Course ID: DOTNET-802
Subject: The Digital Evidence

Beginners use Console.WriteLine or plain text logs. Seniors use Structured Logging (Serilog). This turns your logs into a searchable database instead of a messy text file.


🏗️ Step 1: The “Messy Text” Problem

Imagine you have 1 million logs that look like this: [2024-04-21] INFO: User Alice logged in from IP 1.2.3.4

The Problem: You want to find every user who logged in from that IP. You have to use “Grep” or complex text searching. It’s slow and error-prone.


🏗️ Step 2: The Structured Solution (JSON)

In Structured Logging, we save logs as Objects.

🧩 The Analogy: The Spreadsheet vs. The Diary

  • Plain Text Log: Like a Diary. You have to read every page to find a specific event.
  • Structured Log: Like a Spreadsheet.
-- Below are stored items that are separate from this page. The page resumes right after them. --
(* Let $p$ be a prime and $d>1$. Let $h^{\mathrm u}_{p,d}$ (resp. $h^{\mathrm l}_{p,d}$) be the number of unitary equivalence classes of frames $\Phi_J$ with $J\subset\mathbb{Z}_p$ a $d$-element subset with $0\notin J$ (resp. $0\in J$). Then $$h^{\mathrm u}_{p,d}=\frac{1}{p-1}\sum_{j\mid\gcd(p-1,d)}\binom{(p-1)/j}{d/j}\varphi(j),\qquad h^{\mathrm l}_{p,d}=\frac{1}{p-1}\sum_{j\mid\gcd(p-1,d-1)}\binom{(p-1)/j}{(d-1)/j}\varphi(j),$$ where $\varphi$ is Euler's totient function. (The formula for $h^{\mathrm u}_{p,d}$ also holds for $d=1$.)
   Context: Let $\omega=e^{2\pi i/p}$. For a $d$-element subset $J\subset\mathbb{Z}_p$, the cyclic harmonic frame $\Phi_J$ is the sequence $(v_k)_{k\in\mathbb{Z}_p}$ with $v_k=(\omega^{jk})_{j\in J}\in\mathbb{C}^J\cong\mathbb{C}^d$. Two finite sequences $(v_k)_{k\in I}$, $(w_k)_{k\in I'}$ in $\mathbb{C}^d$ are unitarily equivalent if there is a unitary $U$ and a bijection $\sigma:I\to I'$ with $v_k=Uw_{\sigma(k)}$ for all $k$. Frames $\Phi_J$ with $0\in J$ are called lifted, those with $0\notin J$ unlifted. *)

theory Defs
  imports Complex_Main "HOL-Number_Theory.Number_Theory"
begin

text \<open>Z_p is represented by {0..<p}; omega = exp(2 pi i / p).\<close>
definition omega :: "nat \<Rightarrow> complex" where
  "omega p = cis (2 * pi / real p)"

text \<open>Cyclic harmonic frame Phi_J: the vector v_k (k in Z_p) lives in C^J, which is
  identified with C^d (d = card J) via the increasing enumeration of J; a vector of C^d
  is a function nat => complex whose entries i < d are the coordinates.\<close>
definition harm_frame :: "nat \<Rightarrow> nat set \<Rightarrow> nat \<Rightarrow> nat \<Rightarrow> complex" where
  "harm_frame p J k i = omega p ^ (sorted_list_of_set J ! i * k)"

definition unitary_mat :: "nat \<Rightarrow> (nat \<Rightarrow> nat \<Rightarrow> complex) \<Rightarrow> bool" where
  "unitary_mat d U \<longleftrightarrow>
     (\<forall>i<d. \<forall>l<d. (\<Sum>m<d. cnj (U m i) * U m l) = (if i = l then 1 else 0))"

definition unit_equiv ::
  "nat \<Rightarrow> nat set \<Rightarrow> (nat \<Rightarrow> nat \<Rightarrow> complex) \<Rightarrow> nat set \<Rightarrow> (nat \<Rightarrow> nat \<Rightarrow> complex) \<Rightarrow> bool" where
  "unit_equiv d I v I' w \<longleftrightarrow>
     (\<exists>U \<sigma>. unitary_mat d U \<and> bij_betw \<sigma> I I' \<and>
        (\<forall>k\<in>I. \<forall>i<d. v k i = (\<Sum>l<d. U i l * w (\<sigma> k) l)))"

definition num_classes :: "nat \<Rightarrow> nat \<Rightarrow> nat set set \<Rightarrow> nat" where
  "num_classes p d S = card (S // {(J, K). J \<in> S \<and> K \<in> S \<and>
      unit_equiv d {..<p} (harm_frame p J) {..<p} (harm_frame p K)})"

definition unlifted_sets :: "nat \<Rightarrow> nat \<Rightarrow> nat set set" where
  "unlifted_sets p d = {J. J \<subseteq> {..<p} \<and> card J = d \<and> 0 \<notin> J}"

definition lifted_sets :: "nat \<Rightarrow> nat \<Rightarrow> nat set set" where
  "lifted_sets p d = {J. J \<subseteq> {..<p} \<and> card J = d \<and> 0 \<in> J}"

end

theory Submission
  imports Defs "HOL-Computational_Algebra.Polynomial" "HOL-Algebra.Group_Action"
begin

text \<open>Two frames \<open>\<Phi>\<^sub>J\<close>, \<open>\<Phi>\<^sub>K\<close> of the same kind (lifted or unlifted) are unitarily equivalent
  exactly when \<open>K = a J\<close> for a unit \<open>a\<close> of \<open>\<int>\<^sub>p\<close>. If \<open>K = a J\<close>, a permutation matrix together
  with the reindexing \<open>k \<mapsto> a\<^sup>-\<^sup>1 k\<close> of the frame vectors is an equivalence. Conversely, a unitary
  preserves inner products, so \<open>\<langle>v\<^sub>1, v\<^sub>0\<rangle> = \<Sum>\<^sub>j\<^sub>\<in>\<^sub>J \<omega>\<^sup>j\<close> equals \<open>\<Sum>\<^sub>j\<^sub>\<in>\<^sub>K \<omega>\<^sup>m\<^sup>j\<close> for some unit \<open>m\<close>;
  as \<open>\<omega>, \<dots>, \<omega>\<^sup>p\<^sup>-\<^sup>1\<close> are linearly independent over \<open>\<int>\<close> (Eisenstein's criterion for
  \<open>\<Phi>\<^sub>p(x + 1)\<close>), this forces \<open>J = m K\<close>.

  Hence the classes are the orbits of \<open>\<int>\<^sub>p\<^sup>\<times>\<close> acting on \<open>d\<close>-sets by dilation, counted by
  Burnside's lemma: a unit of order \<open>j\<close> fixes exactly the unions of cosets of its cyclic subgroup
  inside \<open>\<int>\<^sub>p\<^sup>\<times>\<close>, of which there are \<open>((p-1)/j choose d/j)\<close> if \<open>j\<close> divides \<open>d\<close>. Each divisor \<open>j\<close>
  of \<open>p - 1\<close> is the order of \<open>\<phi>(j)\<close> units. Lifted \<open>d\<close>-sets correspond to unlifted
  \<open>(d - 1)\<close>-sets by removing \<open>0\<close>.\<close>

section \<open>Roots of unity of prime order\<close>

lemma map_poly_of_int_add:
  "map_poly of_int (f + g) = (map_poly of_int f + map_poly of_int g :: 'a :: comm_ring_1 poly)"
  by (simp add: poly_eq_iff coeff_map_poly)

lemma map_poly_of_int_mult:
  "map_poly of_int (f * g) = (map_poly of_int f * map_poly of_int g :: 'a :: comm_ring_1 poly)"
  by (simp add: poly_eq_iff coeff_mult coeff_map_poly)

lemma map_poly_of_int_smult:
  "map_poly of_int (smult c f) = (smult (of_int c) (map_poly of_int f) :: 'a :: comm_ring_1 poly)"
  by (simp add: poly_eq_iff coeff_map_poly)

lemma map_poly_of_int_const: "map_poly of_int [:c:] = ([:of_int c:] :: 'a :: comm_ring_1 poly)"
  by (simp add: poly_eq_iff coeff_map_poly coeff_pCons split: nat.split)

lemma map_poly_of_int_sum:
  "map_poly of_int (sum f A) = (\<Sum>x\<in>A. map_poly of_int (f x) :: 'a :: comm_ring_1 poly)"
  by (induction A rule: infinite_finite_induct) (auto simp: map_poly_of_int_add)

lemma poly_map_poly_of_int_pcompose:
  "poly (map_poly of_int (pcompose f g)) (z :: 'a :: comm_ring_1) =
     poly (map_poly of_int f) (poly (map_poly of_int g) z)"
proof (induction f)
  case (pCons a f)
  have "map_poly of_int (pCons a f) = (pCons (of_int a) (map_poly of_int f) :: 'a poly)"
    by (simp add: poly_eq_iff coeff_map_poly coeff_pCons split: nat.split)
  with pCons show ?case
    by (simp add: pcompose_pCons map_poly_of_int_add map_poly_of_int_mult map_poly_of_int_const)
qed simp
You can instantly filter the “IP” column to see all matching rows.

In Code (Serilog):

// Instead of this:
Log.Information("User {UserName} logged in from {IP}", "Alice", "1.2.3.4");

// It is saved like this:
{
  "Timestamp": "2024-04-21",
  "Level": "Information",
  "UserName": "Alice",
  "IP": "1.2.3.4"
}

🏗️ Step 3: Why do we use it?

  1. Dashboards: You can build a chart in Grafana or Kibana showing “Logins per Hour” instantly.
  2. Alerting: You can set an alarm: “If I see 50 Failed Logins for the SAME user in 1 minute, send me a Slack message!”

🥅 Module 2 Review

  1. Plain Log: Just text. Good for humans, bad for computers.
  2. Structured Log: Data objects (JSON). Good for both!
  3. Serilog: The standard library for structured logging in .NET.